→ Task description:
Your job is to return every line in the data holding the string "where".

→ Working data:
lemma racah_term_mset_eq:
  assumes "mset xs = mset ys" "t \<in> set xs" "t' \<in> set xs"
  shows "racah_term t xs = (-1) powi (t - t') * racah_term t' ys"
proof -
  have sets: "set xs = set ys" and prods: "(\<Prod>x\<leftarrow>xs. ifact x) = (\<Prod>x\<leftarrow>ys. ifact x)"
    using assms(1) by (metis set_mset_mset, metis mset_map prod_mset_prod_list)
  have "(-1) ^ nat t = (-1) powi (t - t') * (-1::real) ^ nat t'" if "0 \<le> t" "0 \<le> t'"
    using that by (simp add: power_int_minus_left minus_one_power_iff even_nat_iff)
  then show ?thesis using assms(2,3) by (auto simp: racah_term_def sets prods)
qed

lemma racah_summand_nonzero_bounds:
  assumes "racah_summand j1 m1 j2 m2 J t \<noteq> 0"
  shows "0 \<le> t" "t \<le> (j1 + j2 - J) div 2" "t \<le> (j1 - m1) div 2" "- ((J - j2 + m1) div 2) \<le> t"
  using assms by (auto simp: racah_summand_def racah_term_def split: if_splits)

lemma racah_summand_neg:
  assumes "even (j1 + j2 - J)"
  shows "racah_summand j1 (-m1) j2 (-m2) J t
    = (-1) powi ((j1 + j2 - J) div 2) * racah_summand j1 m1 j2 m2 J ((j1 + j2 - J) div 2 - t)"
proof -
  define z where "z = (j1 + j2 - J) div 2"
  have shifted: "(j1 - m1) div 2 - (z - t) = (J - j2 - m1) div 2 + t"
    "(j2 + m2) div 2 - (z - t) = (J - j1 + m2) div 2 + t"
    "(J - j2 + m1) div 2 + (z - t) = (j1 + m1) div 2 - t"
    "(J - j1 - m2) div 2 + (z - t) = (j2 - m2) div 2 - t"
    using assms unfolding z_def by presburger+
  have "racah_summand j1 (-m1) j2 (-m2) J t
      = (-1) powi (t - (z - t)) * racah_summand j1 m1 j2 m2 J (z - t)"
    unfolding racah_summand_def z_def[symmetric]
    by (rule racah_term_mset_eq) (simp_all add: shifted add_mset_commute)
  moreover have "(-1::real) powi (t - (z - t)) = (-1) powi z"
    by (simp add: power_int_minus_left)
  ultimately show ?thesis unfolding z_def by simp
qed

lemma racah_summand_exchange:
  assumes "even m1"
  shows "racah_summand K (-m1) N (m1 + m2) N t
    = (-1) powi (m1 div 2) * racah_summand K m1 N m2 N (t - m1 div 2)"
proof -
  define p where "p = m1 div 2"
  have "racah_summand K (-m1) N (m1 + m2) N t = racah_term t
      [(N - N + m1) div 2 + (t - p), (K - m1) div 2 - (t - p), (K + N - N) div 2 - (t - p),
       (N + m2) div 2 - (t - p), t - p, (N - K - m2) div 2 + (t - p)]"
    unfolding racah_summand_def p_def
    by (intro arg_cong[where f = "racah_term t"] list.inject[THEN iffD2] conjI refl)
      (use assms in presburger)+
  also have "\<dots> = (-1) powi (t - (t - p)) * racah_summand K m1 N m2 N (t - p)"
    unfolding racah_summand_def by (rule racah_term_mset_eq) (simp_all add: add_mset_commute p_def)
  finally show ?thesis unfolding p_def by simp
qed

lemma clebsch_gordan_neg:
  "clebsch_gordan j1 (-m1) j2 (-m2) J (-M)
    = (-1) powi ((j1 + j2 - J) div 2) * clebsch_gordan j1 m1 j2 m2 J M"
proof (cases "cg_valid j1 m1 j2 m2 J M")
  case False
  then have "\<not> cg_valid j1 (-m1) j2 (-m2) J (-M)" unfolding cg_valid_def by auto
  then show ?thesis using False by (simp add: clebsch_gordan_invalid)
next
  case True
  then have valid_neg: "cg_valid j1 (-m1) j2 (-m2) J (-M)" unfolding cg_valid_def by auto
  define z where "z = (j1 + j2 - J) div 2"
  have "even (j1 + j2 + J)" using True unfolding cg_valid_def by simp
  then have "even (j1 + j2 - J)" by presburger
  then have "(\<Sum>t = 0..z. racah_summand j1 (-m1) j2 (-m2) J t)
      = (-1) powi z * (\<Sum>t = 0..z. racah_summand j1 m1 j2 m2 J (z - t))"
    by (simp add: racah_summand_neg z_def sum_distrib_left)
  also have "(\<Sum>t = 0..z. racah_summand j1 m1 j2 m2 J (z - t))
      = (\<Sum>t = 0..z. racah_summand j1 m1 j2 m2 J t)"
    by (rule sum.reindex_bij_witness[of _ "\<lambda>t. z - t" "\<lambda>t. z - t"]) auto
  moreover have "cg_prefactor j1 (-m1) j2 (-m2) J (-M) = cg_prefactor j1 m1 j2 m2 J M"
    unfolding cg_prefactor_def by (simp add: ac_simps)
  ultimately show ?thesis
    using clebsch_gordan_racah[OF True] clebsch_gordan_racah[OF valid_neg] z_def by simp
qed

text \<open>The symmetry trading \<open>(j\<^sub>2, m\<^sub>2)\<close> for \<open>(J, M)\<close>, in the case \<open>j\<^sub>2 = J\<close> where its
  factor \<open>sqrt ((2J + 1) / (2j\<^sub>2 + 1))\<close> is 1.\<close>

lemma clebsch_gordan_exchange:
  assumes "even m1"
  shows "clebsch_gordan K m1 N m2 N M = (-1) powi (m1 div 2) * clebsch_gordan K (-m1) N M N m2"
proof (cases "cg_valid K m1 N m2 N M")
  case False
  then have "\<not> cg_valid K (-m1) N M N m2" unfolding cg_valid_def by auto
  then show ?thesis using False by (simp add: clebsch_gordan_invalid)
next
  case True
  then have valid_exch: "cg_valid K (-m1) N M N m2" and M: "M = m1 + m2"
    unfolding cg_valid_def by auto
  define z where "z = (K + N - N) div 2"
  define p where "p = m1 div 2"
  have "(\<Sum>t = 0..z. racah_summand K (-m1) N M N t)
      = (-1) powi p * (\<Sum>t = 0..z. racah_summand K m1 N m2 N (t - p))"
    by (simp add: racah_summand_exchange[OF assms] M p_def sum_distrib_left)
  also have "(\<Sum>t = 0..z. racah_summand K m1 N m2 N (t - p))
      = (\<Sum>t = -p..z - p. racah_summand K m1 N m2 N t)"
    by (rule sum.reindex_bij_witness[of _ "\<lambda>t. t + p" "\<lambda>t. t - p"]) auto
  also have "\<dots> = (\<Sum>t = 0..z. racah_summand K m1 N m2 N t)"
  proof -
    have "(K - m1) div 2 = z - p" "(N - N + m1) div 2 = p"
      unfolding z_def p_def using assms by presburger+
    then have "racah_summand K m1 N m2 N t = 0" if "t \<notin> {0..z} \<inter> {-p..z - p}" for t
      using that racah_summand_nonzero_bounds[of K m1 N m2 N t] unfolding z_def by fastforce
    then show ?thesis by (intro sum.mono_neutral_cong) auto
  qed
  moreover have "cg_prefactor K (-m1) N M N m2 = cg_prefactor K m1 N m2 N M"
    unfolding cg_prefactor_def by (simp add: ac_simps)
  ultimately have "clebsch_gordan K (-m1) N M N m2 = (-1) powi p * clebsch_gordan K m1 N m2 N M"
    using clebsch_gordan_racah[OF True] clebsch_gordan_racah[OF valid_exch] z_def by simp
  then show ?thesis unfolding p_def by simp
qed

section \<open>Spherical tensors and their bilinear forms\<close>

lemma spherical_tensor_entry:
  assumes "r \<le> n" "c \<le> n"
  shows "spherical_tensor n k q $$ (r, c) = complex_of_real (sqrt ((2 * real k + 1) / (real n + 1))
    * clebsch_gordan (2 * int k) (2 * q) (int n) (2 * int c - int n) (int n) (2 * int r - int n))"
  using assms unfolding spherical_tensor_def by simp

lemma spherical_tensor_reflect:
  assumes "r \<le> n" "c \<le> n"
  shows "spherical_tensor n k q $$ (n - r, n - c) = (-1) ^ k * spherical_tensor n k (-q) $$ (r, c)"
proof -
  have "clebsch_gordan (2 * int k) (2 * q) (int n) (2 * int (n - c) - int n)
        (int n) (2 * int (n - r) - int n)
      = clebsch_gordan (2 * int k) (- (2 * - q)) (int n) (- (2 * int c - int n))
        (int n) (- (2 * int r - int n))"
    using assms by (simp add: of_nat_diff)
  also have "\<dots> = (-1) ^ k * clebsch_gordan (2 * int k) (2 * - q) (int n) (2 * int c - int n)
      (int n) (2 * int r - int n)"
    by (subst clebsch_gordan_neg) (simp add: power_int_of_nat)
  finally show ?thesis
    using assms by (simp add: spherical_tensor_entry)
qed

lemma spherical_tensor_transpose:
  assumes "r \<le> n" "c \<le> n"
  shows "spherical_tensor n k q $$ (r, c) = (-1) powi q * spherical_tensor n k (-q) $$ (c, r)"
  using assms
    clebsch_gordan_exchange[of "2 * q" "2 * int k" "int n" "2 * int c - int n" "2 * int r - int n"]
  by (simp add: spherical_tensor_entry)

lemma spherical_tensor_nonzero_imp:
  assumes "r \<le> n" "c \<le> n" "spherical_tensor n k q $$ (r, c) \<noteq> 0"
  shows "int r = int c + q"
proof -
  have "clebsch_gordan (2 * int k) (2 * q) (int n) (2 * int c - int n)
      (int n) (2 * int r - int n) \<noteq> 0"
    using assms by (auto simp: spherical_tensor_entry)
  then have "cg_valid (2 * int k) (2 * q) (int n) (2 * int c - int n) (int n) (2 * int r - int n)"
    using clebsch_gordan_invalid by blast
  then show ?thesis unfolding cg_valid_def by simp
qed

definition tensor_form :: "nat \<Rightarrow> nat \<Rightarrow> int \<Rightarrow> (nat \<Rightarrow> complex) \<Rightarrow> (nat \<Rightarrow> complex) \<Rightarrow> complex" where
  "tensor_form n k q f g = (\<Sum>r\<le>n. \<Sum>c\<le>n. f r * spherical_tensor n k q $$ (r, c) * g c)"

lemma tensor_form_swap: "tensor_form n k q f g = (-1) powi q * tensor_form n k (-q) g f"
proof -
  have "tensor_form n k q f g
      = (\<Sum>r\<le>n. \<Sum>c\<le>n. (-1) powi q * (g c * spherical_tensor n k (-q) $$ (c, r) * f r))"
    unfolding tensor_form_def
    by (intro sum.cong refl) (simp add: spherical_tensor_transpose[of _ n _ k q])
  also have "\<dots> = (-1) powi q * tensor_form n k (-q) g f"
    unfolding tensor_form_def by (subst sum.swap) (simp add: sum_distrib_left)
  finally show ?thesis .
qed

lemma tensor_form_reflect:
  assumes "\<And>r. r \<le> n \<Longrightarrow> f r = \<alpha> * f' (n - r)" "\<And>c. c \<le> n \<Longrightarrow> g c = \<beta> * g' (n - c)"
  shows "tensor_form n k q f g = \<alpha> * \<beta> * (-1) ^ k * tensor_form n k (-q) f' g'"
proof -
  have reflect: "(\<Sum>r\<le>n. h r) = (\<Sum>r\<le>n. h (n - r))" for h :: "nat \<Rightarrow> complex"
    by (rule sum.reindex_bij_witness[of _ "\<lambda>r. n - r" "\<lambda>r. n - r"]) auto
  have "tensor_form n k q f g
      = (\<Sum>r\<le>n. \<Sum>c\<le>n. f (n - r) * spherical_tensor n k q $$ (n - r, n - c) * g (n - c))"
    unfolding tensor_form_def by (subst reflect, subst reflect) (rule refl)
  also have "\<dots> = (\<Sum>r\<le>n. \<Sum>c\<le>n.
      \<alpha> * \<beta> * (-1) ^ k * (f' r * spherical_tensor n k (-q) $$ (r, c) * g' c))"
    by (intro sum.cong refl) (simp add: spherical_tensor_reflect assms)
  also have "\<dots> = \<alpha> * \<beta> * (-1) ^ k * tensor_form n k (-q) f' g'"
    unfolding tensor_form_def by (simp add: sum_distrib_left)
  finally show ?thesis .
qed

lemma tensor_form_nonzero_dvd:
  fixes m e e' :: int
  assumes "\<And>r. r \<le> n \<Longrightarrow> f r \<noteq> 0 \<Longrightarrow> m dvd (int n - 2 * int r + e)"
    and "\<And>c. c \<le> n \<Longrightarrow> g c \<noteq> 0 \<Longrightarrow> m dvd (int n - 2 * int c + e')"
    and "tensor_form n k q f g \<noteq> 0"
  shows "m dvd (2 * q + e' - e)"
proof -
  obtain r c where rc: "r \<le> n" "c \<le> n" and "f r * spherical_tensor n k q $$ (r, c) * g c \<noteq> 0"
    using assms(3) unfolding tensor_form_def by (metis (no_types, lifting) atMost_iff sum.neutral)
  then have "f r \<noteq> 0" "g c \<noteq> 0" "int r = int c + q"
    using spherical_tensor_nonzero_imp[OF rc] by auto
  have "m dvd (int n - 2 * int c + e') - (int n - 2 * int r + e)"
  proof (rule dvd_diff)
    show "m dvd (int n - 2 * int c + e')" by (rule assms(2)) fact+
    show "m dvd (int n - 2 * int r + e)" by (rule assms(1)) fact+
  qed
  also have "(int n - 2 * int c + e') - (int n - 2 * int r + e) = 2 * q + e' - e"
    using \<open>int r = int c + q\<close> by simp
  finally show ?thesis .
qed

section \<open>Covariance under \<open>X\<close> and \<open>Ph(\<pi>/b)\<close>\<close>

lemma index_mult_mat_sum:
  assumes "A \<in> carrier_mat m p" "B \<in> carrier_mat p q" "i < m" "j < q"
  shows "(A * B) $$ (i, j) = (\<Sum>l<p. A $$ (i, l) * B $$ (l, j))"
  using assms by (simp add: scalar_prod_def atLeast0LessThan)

→ Response area:
  define z where "z = (j1 + j2 - J) div 2"
  define p where "p = m1 div 2"
    by (intro arg_cong[where f = "racah_term t"] list.inject[THEN iffD2] conjI refl)
  define z where "z = (j1 + j2 - J) div 2"
text \<open>The symmetry trading \<open>(j\<^sub>2, m\<^sub>2)\<close> for \<open>(J, M)\<close>, in the case \<open>j\<^sub>2 = J\<close> where its
  define z where "z = (K + N - N) div 2"
  define p where "p = m1 div 2"
definition tensor_form :: "nat \<Rightarrow> nat \<Rightarrow> int \<Rightarrow> (nat \<Rightarrow> complex) \<Rightarrow> (nat \<Rightarrow> complex) \<Rightarrow> complex" where
  obtain r c where rc: "r \<le> n" "c \<le> n" and "f r * spherical_tensor n k q $$ (r, c) * g c \<noteq> 0"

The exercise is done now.